## Assignment
Print this span of the material below exactly: the line with "reach A (init", the line with "(nat \<Rightarrow> 'a", and every line between them, but nothing else.

## Data to examine
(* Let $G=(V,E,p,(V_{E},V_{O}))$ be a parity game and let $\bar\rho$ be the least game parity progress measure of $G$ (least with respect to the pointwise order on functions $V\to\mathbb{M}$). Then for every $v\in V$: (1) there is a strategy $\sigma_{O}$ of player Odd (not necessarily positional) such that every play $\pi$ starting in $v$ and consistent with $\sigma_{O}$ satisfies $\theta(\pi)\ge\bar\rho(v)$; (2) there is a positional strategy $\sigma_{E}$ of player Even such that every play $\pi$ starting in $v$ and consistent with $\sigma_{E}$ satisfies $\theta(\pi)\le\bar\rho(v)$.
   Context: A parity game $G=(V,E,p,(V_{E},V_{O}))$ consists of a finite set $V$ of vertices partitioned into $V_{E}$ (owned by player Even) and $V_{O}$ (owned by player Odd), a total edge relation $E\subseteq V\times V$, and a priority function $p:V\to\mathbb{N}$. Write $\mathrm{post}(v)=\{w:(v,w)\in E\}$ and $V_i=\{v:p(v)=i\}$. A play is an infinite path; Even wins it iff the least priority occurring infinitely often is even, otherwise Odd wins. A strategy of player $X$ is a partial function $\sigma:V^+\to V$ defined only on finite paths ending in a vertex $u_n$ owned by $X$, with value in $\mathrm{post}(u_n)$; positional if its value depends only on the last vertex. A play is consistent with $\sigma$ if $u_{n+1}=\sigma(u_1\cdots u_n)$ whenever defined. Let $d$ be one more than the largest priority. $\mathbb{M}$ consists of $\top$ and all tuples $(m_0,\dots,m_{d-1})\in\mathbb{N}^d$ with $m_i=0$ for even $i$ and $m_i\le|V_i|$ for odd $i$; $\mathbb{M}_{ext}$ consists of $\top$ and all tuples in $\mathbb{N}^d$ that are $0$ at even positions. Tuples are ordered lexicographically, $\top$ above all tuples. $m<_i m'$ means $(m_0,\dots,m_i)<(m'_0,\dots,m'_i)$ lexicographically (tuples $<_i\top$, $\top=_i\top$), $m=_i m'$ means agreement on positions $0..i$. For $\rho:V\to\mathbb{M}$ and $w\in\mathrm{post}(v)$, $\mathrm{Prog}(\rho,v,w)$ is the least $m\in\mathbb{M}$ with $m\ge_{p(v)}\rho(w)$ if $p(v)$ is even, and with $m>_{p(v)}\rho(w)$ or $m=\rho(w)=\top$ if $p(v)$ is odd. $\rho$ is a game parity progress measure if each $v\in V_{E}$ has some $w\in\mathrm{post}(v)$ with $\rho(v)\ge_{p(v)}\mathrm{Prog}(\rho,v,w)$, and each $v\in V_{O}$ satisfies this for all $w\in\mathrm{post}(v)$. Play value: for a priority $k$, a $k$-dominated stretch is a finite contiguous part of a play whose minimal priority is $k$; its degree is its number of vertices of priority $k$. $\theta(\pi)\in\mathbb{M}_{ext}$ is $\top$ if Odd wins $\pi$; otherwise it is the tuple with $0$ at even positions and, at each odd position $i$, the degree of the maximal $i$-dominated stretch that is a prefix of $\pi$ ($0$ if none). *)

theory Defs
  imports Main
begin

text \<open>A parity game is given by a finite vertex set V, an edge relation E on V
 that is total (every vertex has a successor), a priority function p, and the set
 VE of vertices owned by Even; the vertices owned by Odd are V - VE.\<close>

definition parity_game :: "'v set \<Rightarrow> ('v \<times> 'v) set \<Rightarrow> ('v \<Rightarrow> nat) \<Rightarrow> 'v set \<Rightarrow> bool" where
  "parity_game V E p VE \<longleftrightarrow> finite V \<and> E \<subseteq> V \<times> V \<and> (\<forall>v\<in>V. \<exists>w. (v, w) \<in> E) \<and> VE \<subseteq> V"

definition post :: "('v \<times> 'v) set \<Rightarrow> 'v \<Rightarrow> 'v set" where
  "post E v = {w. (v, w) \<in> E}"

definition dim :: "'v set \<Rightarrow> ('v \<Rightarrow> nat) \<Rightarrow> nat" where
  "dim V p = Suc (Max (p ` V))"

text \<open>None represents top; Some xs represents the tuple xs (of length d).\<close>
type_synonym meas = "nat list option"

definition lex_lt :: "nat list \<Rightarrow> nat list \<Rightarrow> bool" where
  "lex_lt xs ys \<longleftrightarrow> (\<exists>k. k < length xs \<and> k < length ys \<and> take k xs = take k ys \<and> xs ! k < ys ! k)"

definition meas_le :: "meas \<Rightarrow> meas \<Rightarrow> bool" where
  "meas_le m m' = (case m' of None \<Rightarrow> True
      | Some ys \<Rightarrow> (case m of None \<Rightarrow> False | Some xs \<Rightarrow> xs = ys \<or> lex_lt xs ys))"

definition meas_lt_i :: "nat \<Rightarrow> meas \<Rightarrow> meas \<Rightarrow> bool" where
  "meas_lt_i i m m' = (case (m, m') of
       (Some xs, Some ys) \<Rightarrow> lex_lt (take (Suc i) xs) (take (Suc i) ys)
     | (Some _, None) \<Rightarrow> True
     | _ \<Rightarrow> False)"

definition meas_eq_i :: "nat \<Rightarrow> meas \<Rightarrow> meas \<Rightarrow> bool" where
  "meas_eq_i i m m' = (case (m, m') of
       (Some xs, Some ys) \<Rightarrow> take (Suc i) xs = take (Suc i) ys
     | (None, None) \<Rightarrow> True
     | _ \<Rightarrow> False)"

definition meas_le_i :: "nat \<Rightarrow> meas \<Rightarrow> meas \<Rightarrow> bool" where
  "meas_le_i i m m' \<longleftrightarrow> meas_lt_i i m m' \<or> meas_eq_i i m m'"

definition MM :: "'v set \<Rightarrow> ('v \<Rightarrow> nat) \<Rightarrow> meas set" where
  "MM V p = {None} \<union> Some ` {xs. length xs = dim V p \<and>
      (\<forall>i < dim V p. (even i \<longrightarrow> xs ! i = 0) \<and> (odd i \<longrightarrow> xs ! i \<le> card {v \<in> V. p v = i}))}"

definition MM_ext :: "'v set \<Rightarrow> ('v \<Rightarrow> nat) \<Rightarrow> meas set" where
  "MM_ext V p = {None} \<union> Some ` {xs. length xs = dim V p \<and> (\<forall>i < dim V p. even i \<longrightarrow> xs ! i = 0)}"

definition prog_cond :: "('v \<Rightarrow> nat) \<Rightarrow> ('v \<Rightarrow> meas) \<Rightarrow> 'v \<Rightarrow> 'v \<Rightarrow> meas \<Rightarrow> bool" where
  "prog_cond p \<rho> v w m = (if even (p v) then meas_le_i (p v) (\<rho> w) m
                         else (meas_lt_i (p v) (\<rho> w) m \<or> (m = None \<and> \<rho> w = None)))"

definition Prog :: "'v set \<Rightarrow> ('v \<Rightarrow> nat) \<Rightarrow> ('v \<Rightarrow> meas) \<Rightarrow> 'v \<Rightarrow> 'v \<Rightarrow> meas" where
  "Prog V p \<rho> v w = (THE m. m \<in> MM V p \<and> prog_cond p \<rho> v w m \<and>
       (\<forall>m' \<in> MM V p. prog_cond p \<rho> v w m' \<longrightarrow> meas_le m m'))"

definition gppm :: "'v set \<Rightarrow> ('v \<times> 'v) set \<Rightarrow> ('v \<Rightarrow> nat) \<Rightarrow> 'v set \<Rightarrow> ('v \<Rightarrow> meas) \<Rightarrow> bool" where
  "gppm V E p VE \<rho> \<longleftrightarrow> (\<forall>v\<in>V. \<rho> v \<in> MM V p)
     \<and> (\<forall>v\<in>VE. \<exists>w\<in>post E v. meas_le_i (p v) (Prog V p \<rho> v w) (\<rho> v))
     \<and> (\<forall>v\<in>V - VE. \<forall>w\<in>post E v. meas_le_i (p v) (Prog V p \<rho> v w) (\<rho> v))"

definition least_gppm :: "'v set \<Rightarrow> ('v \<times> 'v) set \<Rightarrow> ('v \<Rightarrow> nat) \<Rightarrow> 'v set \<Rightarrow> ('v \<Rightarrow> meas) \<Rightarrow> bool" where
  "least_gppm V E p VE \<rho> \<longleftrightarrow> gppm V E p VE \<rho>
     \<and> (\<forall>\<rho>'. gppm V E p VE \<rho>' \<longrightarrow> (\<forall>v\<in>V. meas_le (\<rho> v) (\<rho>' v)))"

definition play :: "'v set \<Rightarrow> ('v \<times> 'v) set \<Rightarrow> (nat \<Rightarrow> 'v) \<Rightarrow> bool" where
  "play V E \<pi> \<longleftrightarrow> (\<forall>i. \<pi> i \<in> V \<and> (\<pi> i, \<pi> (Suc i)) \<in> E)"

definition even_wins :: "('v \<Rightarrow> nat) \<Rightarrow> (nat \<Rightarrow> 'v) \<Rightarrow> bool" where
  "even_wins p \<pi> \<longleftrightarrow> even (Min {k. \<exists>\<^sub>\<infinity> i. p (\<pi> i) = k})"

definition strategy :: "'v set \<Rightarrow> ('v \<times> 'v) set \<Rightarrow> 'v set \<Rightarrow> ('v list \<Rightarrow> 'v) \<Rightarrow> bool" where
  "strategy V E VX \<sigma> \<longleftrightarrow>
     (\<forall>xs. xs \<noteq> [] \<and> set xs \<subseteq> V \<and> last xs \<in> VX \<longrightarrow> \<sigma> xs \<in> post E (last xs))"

---

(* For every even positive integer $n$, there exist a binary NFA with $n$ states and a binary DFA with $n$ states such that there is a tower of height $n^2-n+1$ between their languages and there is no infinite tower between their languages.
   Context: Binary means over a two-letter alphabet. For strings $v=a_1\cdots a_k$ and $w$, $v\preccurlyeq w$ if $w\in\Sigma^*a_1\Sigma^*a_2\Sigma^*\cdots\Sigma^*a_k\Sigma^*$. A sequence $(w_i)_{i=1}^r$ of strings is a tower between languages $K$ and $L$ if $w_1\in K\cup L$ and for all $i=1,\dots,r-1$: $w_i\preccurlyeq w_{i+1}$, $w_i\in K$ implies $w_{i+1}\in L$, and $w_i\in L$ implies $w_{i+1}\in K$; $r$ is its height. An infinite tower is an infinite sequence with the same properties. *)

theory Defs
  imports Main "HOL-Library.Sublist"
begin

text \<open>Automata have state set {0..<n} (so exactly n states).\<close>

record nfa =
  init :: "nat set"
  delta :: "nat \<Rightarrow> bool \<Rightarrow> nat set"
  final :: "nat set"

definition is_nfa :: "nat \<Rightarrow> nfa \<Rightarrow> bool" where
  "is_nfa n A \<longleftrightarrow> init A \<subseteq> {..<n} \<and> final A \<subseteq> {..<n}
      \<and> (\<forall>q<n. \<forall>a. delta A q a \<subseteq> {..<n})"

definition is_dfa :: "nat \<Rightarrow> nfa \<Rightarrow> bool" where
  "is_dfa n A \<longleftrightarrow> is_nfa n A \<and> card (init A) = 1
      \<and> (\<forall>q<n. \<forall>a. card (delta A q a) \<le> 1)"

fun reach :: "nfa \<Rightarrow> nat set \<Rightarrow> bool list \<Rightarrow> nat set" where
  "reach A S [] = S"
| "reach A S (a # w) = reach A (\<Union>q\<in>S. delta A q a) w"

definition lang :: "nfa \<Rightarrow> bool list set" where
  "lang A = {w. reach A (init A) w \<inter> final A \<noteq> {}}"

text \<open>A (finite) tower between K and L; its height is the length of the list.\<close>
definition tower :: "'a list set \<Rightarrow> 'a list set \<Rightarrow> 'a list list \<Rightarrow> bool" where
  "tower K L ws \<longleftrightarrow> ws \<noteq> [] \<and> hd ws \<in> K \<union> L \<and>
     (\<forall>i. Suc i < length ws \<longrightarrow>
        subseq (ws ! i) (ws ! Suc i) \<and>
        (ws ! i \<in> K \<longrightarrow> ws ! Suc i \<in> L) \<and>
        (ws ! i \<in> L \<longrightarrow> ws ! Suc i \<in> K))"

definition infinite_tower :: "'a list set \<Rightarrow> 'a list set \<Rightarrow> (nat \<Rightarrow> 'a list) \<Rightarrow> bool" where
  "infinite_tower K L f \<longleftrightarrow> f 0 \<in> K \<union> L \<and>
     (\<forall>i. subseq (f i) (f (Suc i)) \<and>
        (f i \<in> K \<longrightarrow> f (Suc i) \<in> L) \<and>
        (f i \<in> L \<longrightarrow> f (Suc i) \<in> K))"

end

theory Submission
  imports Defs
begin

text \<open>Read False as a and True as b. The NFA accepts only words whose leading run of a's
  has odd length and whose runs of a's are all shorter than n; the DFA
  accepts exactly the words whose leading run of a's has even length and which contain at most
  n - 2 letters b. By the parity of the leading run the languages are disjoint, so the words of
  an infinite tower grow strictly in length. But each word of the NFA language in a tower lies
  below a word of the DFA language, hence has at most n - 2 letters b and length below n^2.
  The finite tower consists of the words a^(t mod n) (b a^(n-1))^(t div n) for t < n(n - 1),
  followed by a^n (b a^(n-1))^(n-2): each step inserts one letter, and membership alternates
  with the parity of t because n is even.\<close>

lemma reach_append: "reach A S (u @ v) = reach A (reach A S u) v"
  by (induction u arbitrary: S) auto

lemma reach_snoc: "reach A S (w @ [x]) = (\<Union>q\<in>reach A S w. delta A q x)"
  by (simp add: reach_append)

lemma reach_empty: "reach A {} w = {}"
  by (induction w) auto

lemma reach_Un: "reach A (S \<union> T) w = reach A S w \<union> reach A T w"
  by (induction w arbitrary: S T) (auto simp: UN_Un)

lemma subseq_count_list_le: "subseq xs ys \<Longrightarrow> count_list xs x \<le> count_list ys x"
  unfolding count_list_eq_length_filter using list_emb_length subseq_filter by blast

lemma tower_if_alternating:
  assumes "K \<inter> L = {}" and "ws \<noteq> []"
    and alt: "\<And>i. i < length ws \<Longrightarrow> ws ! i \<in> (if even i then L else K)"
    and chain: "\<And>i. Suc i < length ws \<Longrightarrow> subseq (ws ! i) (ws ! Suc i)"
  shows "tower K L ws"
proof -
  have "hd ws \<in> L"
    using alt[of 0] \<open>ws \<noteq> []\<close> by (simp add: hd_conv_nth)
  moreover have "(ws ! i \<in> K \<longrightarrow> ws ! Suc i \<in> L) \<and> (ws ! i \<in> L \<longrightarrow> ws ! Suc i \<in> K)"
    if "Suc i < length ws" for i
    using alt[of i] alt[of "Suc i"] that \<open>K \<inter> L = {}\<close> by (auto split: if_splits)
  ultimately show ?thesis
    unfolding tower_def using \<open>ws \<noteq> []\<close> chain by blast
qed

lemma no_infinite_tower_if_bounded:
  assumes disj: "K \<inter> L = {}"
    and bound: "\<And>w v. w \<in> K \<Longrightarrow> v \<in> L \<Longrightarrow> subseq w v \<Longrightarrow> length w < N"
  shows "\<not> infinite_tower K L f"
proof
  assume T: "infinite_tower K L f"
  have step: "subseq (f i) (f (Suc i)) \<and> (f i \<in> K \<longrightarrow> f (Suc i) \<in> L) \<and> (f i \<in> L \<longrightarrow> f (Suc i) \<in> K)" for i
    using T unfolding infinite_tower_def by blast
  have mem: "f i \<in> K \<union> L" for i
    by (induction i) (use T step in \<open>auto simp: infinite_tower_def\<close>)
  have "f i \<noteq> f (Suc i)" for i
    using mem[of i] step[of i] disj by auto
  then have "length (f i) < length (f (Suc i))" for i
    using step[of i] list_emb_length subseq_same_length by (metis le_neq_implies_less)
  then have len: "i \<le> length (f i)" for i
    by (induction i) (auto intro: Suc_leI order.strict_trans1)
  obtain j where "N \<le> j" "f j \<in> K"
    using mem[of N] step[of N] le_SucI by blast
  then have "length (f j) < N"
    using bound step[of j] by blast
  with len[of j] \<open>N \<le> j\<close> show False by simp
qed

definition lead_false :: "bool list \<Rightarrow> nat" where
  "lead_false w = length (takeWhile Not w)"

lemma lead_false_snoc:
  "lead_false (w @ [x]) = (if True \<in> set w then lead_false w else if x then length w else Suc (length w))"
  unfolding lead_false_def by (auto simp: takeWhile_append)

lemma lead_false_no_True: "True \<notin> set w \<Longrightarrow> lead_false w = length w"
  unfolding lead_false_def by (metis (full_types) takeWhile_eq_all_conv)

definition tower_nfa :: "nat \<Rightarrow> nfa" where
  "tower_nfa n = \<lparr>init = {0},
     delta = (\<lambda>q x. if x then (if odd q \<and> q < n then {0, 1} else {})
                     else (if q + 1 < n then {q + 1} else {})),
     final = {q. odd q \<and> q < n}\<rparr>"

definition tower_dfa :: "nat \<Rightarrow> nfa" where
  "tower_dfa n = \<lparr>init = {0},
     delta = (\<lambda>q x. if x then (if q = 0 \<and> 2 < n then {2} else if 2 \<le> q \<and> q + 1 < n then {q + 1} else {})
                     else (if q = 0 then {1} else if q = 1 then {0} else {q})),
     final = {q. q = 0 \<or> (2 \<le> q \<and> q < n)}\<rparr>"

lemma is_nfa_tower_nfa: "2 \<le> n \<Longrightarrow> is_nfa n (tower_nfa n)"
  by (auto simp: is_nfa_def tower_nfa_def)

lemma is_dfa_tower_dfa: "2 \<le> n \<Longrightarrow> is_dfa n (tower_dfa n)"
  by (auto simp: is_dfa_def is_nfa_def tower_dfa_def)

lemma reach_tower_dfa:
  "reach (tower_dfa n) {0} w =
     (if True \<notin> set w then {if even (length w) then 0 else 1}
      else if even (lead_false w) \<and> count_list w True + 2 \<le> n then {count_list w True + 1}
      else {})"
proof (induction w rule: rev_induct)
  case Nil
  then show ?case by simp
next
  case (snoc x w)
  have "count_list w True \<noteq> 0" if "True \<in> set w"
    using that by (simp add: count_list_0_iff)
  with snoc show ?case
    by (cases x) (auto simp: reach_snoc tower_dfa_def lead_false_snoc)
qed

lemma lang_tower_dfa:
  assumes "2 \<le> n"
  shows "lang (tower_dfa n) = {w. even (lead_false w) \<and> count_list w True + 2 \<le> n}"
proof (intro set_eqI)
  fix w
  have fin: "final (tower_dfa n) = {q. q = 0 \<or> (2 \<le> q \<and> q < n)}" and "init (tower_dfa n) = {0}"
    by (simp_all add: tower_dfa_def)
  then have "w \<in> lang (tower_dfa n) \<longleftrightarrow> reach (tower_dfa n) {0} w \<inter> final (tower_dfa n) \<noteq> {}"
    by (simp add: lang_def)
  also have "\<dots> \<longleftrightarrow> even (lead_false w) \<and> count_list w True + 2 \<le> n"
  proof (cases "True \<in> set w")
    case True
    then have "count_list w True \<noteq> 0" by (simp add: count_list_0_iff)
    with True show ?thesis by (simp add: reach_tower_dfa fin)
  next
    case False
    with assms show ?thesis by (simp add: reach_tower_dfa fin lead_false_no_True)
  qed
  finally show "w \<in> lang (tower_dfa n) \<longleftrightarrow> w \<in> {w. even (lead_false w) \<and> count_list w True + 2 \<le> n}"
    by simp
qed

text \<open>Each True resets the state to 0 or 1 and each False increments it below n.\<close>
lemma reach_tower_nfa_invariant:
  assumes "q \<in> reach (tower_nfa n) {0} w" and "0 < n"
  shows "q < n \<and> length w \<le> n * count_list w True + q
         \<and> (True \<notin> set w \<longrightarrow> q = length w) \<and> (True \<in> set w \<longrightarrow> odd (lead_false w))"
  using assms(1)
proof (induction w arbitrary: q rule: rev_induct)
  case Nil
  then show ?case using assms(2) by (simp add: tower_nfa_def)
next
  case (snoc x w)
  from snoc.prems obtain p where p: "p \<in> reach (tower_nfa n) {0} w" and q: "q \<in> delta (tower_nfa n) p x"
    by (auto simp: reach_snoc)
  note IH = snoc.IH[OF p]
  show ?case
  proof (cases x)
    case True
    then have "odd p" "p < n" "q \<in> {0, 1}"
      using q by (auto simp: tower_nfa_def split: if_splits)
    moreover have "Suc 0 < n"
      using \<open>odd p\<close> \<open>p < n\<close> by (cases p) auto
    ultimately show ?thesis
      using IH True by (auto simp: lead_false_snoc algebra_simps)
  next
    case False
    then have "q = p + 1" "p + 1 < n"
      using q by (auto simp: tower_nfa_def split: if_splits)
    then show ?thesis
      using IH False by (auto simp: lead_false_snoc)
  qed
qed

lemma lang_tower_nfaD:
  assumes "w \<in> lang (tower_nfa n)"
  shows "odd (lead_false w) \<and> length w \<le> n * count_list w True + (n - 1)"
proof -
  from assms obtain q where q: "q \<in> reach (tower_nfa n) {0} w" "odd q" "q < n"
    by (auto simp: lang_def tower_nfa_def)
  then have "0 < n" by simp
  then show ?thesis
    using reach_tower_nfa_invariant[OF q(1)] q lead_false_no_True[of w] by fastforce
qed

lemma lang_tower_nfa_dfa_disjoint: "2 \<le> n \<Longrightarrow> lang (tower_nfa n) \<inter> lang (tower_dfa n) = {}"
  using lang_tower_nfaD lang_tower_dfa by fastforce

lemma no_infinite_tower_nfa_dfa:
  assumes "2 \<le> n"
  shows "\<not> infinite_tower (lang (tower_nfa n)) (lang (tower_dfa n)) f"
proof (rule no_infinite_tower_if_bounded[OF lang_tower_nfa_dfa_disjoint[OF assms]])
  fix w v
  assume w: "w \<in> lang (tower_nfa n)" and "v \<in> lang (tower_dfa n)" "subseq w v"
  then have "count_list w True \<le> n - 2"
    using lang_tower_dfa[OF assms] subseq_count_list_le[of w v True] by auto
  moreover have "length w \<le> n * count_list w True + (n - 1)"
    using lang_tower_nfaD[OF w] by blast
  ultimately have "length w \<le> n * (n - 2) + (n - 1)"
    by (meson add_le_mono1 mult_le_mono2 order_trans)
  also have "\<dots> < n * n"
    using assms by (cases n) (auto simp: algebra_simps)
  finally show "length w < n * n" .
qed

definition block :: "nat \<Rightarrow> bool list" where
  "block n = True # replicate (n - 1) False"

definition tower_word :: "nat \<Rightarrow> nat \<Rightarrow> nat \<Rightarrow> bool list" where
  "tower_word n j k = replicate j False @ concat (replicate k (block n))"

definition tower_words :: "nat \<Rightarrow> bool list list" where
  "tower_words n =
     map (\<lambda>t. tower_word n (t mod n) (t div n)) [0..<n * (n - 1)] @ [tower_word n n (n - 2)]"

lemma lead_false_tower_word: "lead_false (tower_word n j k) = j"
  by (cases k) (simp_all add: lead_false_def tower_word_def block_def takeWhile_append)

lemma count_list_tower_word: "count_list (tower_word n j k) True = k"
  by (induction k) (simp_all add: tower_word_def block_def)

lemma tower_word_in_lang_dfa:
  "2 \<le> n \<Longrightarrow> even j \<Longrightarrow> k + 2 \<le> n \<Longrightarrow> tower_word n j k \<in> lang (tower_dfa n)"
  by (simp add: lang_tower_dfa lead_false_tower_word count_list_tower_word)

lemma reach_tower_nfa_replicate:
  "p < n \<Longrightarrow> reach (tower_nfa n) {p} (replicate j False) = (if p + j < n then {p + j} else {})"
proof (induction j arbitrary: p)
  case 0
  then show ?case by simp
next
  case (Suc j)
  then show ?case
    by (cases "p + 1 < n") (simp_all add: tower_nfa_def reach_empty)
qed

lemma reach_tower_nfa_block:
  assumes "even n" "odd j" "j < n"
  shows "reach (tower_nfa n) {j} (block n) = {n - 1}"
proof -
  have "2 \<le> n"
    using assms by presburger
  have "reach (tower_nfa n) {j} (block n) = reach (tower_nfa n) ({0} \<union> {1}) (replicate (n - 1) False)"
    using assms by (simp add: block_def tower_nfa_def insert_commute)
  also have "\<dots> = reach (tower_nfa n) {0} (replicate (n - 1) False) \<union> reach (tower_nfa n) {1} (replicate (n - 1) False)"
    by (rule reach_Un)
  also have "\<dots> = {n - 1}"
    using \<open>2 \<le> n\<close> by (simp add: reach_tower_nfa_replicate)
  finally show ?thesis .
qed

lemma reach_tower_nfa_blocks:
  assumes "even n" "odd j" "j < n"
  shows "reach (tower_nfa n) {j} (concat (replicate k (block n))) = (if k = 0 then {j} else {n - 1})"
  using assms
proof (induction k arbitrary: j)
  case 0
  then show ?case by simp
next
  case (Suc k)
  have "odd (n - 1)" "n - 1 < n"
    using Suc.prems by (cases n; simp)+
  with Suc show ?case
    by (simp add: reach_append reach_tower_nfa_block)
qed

## Answer
  "lang A = {w. reach A (init A) w \<inter> final A \<noteq> {}}"

text \<open>A (finite) tower between K and L; its height is the length of the list.\<close>
definition tower :: "'a list set \<Rightarrow> 'a list set \<Rightarrow> 'a list list \<Rightarrow> bool" where
  "tower K L ws \<longleftrightarrow> ws \<noteq> [] \<and> hd ws \<in> K \<union> L \<and>
     (\<forall>i. Suc i < length ws \<longrightarrow>
        subseq (ws ! i) (ws ! Suc i) \<and>
        (ws ! i \<in> K \<longrightarrow> ws ! Suc i \<in> L) \<and>
        (ws ! i \<in> L \<longrightarrow> ws ! Suc i \<in> K))"

definition infinite_tower :: "'a list set \<Rightarrow> 'a list set \<Rightarrow> (nat \<Rightarrow> 'a list) \<Rightarrow> bool" where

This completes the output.